- DATA
lemma window_prob_Suc_diag: "window_prob (Suc t) (Suc t) = 1 - 1 / 4^Suc t"
proof -
  define m where "m = 2 * Suc t"
  have "(\<Sum>i=0..m. real (m choose i)) = 1 + (\<Sum>i=1..m. real (m choose i))"
    by (simp add: sum.atLeast_Suc_atMost)
  moreover have "(\<Sum>i=0..m. real (m choose i)) = 4^Suc t"
    using sum_choose_atLeast0_atMost[of m m] unfolding m_def by (simp add: power_mult)
  ultimately have "(\<Sum>i=1..m. real (m choose i)) = 4^Suc t - 1" by linarith
  moreover have "{Suc t + 1 - Suc t..Suc t + Suc t} = {1..m}" unfolding m_def by auto
  ultimately show ?thesis unfolding window_prob_def m_def[symmetric] by (simp add: field_simps)
qed

lemma window_prob_diff:
  assumes "1 \<le> u"
  shows "window_prob t u - window_prob (Suc t) u = window_drop (Suc t) u"
proof -
  consider "u \<le> t" | "u = Suc t" | "Suc t < u" by linarith
  then show ?thesis
  proof cases
    case 1
    then show ?thesis using window_prob_step assms by blast
  next
    case 2
    then show ?thesis using window_prob_eq_1[of t u] window_prob_Suc_diag[of t]
      by (simp add: window_drop_def)
  next
    case 3
    then show ?thesis using window_prob_eq_1[of t u] window_prob_eq_1[of "Suc t" u]
      by (simp add: window_drop_def)
  qed
qed

lemma one_minus_window_prob:
  assumes "1 \<le> u"
  shows "1 - window_prob t u = (\<Sum>s=1..t. window_drop s u)"
proof (induction t)
  case 0
  then show ?case using window_prob_eq_1[of 0 u] assms by simp
next
  case (Suc t)
  then show ?case using window_prob_diff[OF assms, of t] by simp
qed

lemma S1_eq_window_sum: "S1 t = (\<Sum>u=1..t. cosh_coeff alpha u * (1 - window_prob t u))"
proof -
  have "S1 t = (\<Sum>s=1..t. \<Sum>u=1..s. cosh_coeff alpha u * window_drop s u)"
    unfolding S1_def sum_distrib_left by (intro sum.cong refl S1_summand_eq) auto
  also have "\<dots> = (\<Sum>s=1..t. \<Sum>u=1..t. cosh_coeff alpha u * window_drop s u)"
    by (intro sum.cong refl sum.mono_neutral_left) (auto simp: window_drop_def)
  also have "\<dots> = (\<Sum>u=1..t. cosh_coeff alpha u * (1 - window_prob t u))"
    by (subst sum.swap) (simp add: one_minus_window_prob sum_distrib_left)
  finally show ?thesis .
qed

lemma sums_cosh_coeff: "cosh_coeff x sums cosh x"
proof -
  have "(\<lambda>n. (\<lambda>n. if even n then x ^ n /\<^sub>R fact n else 0) (2*n)) sums cosh x"
    by (subst sums_mono_reindex) (auto simp: strict_mono_def cosh_converges elim!: evenE)
  moreover have "cosh_coeff x = (\<lambda>n. (\<lambda>n. if even n then x ^ n /\<^sub>R fact n else 0) (2*n))"
    by (auto simp: cosh_coeff_def fun_eq_iff divide_inverse mult.commute)
  ultimately show ?thesis by simp
qed

lemma sums_of_nat_mult_cosh_coeff: "(\<lambda>u. real (2*u) * cosh_coeff x u) sums (x * sinh x)"
proof -
  have "(\<lambda>n. (\<lambda>n. if even n then 0 else x ^ n /\<^sub>R fact n) (2*n+1)) sums sinh x"
    by (subst sums_mono_reindex) (auto simp: strict_mono_def sinh_converges elim!: oddE)
  then have "(\<lambda>n. x * (x^(2*n+1) / fact (2*n+1))) sums (x * sinh x)"
    by (intro sums_mult) (simp add: divide_inverse mult.commute)
  moreover have "real (2 * Suc n) * cosh_coeff x (Suc n) = x * (x^(2*n+1) / fact (2*n+1))" for n
    unfolding cosh_coeff_def by (simp add: field_simps del: of_nat_Suc)
  ultimately have "(\<lambda>n. real (2 * Suc n) * cosh_coeff x (Suc n)) sums (x * sinh x)" by simp
  then show ?thesis by (subst (asm) sums_Suc_iff) simp
qed

definition S1_defect :: "nat \<Rightarrow> real" where
  "S1_defect t = cosh alpha - (1 + S1 t)"

lemma ge1_eq_S1_defect: "ge1 t = (cosh alpha - S1_defect t) / 24^t"
  unfolding ge1_def S1_defect_def by simp

lemma sums_S1_defect: "(\<lambda>u. cosh_coeff alpha u * window_prob t u) sums S1_defect t"
proof -
  have "(\<lambda>u. cosh_coeff alpha u * (1 - window_prob t u))
      sums (\<Sum>u\<in>{0..t}. cosh_coeff alpha u * (1 - window_prob t u))"
    by (rule sums_finite) (auto simp: window_prob_eq_1)
  moreover have "(\<Sum>u\<in>{0..t}. cosh_coeff alpha u * (1 - window_prob t u)) = 1 + S1 t"
    by (simp add: S1_eq_window_sum sum.atLeast_Suc_atMost cosh_coeff_def window_prob_def)
  ultimately have "(\<lambda>u. cosh_coeff alpha u * (1 - window_prob t u)) sums (1 + S1 t)" by simp
  from sums_diff[OF sums_cosh_coeff[of alpha] this] show ?thesis
    unfolding S1_defect_def by (simp add: algebra_simps)
qed

section \<open>The central binomial probability\<close>

definition central_binom_prob :: "nat \<Rightarrow> real" where
  "central_binom_prob t = real (2 * t choose t) / 4^t"

lemma central_binom_prob_pos: "central_binom_prob t > 0"
  unfolding central_binom_prob_def by simp

lemma central_binom_prob_Suc:
  "central_binom_prob (Suc t) = central_binom_prob t * ((2 * real t + 1) / (2 * real t + 2))"
proof -
  have c1: "real (2 * Suc t choose Suc t) = fact (2 * t + 2) / (fact (t + 1) * fact (t + 1))"
    by (subst binomial_fact) (auto simp: algebra_simps)
  have c2: "real (2 * t choose t) = fact (2 * t) / (fact t * fact t)"
    by (subst binomial_fact) (auto simp: algebra_simps)
  have f1: "(fact (2 * t + 2) :: real) = (2 * (real t + 1)) * (2 * real t + 1) * fact (2 * t)"
    by (simp add: algebra_simps)
  have f2: "(fact (t + 1) :: real) = (real t + 1) * fact t"
    by (simp add: algebra_simps)
  have "(2*b)*c*F / (b*G*(b*G)) / (4*P) = F / (G*G) / P * (c / (2*b))"
    if "b > 0" "G > 0" "P > 0" for b c F G P :: real
    using that by (simp add: field_simps)
  from this[of "real t + 1" "fact t" "4^t" "2 * real t + 1" "fact (2 * t)"]
  show ?thesis
    unfolding central_binom_prob_def c1 c2 f1 f2 by (simp add: mult_2_right add.assoc)
qed

lemma central_binom_prob_sq_le: "central_binom_prob t ^ 2 * (2 * real t + 1) \<le> 1"
proof (induction t)
  case 0
  then show ?case by (simp add: central_binom_prob_def)
next
  case (Suc t)
  define q where "q = (2 * real t + 1) / (2 * real t + 2)"
  have "(2 * real t + 1)^2 * (2 * real t + 3) \<le> (2 * real t + 1) * (2 * real t + 2)^2"
    by (simp add: power2_eq_square algebra_simps)
  then have "q^2 * (2 * real t + 3) \<le> 2 * real t + 1"
    unfolding q_def power_divide by (simp add: divide_le_eq add_pos_nonneg)
  then have "central_binom_prob t ^ 2 * (q^2 * (2 * real t + 3))
      \<le> central_binom_prob t ^ 2 * (2 * real t + 1)"
    by (rule mult_left_mono) simp
  moreover have "central_binom_prob (Suc t) ^ 2 * (2 * real (Suc t) + 1)
      = central_binom_prob t ^ 2 * (q^2 * (2 * real t + 3))"
    unfolding central_binom_prob_Suc q_def[symmetric] by (simp add: power_mult_distrib)
  ultimately show ?case using Suc by linarith
qed

lemma central_binom_prob_sq_ge: "1 \<le> central_binom_prob t ^ 2 * (4 * real t + 1)"
proof (induction t)
  case 0
  then show ?case by (simp add: central_binom_prob_def)
next
  case (Suc t)
  define q where "q = (2 * real t + 1) / (2 * real t + 2)"
  have "(4 * real t + 1) * (2 * real t + 2)^2 \<le> (2 * real t + 1)^2 * (4 * real t + 5)"
    by (simp add: power2_eq_square algebra_simps)
  then have "4 * real t + 1 \<le> q^2 * (4 * real t + 5)"
    unfolding q_def power_divide by (simp add: le_divide_eq add_pos_nonneg)
  then have "central_binom_prob t ^ 2 * (4 * real t + 1)
      \<le> central_binom_prob t ^ 2 * (q^2 * (4 * real t + 5))"
    by (rule mult_left_mono) simp
  moreover have "central_binom_prob (Suc t) ^ 2 * (4 * real (Suc t) + 1)
      = central_binom_prob t ^ 2 * (q^2 * (4 * real t + 5))"
    unfolding central_binom_prob_Suc q_def[symmetric] by (simp add: power_mult_distrib)
  ultimately show ?case using Suc by linarith
qed

lemma central_binom_prob_mult_sqrt_le: "central_binom_prob t * sqrt (2 * real t + 1) \<le> 1"
proof (rule power2_le_imp_le)
  show "(central_binom_prob t * sqrt (2 * real t + 1))^2 \<le> 1^2"
    using central_binom_prob_sq_le[of t] by (simp only: power_mult_distrib real_sqrt_pow2) simp
qed simp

- WHAT YOU HAVE TO DO
Set down, from the entries above, exactly the lines from the one with "Suc t choose" up to and including the one with "using that by (simp add: field_simps)", and no other lines.

- OUTPUT OF THE TASK
  have c1: "real (2 * Suc t choose Suc t) = fact (2 * t + 2) / (fact (t + 1) * fact (t + 1))"
    by (subst binomial_fact) (auto simp: algebra_simps)
  have c2: "real (2 * t choose t) = fact (2 * t) / (fact t * fact t)"
    by (subst binomial_fact) (auto simp: algebra_simps)
  have f1: "(fact (2 * t + 2) :: real) = (2 * (real t + 1)) * (2 * real t + 1) * fact (2 * t)"
    by (simp add: algebra_simps)
  have f2: "(fact (t + 1) :: real) = (real t + 1) * fact t"
    by (simp add: algebra_simps)
  have "(2*b)*c*F / (b*G*(b*G)) / (4*P) = F / (G*G) / P * (c / (2*b))"
    if "b > 0" "G > 0" "P > 0" for b c F G P :: real
    using that by (simp add: field_simps)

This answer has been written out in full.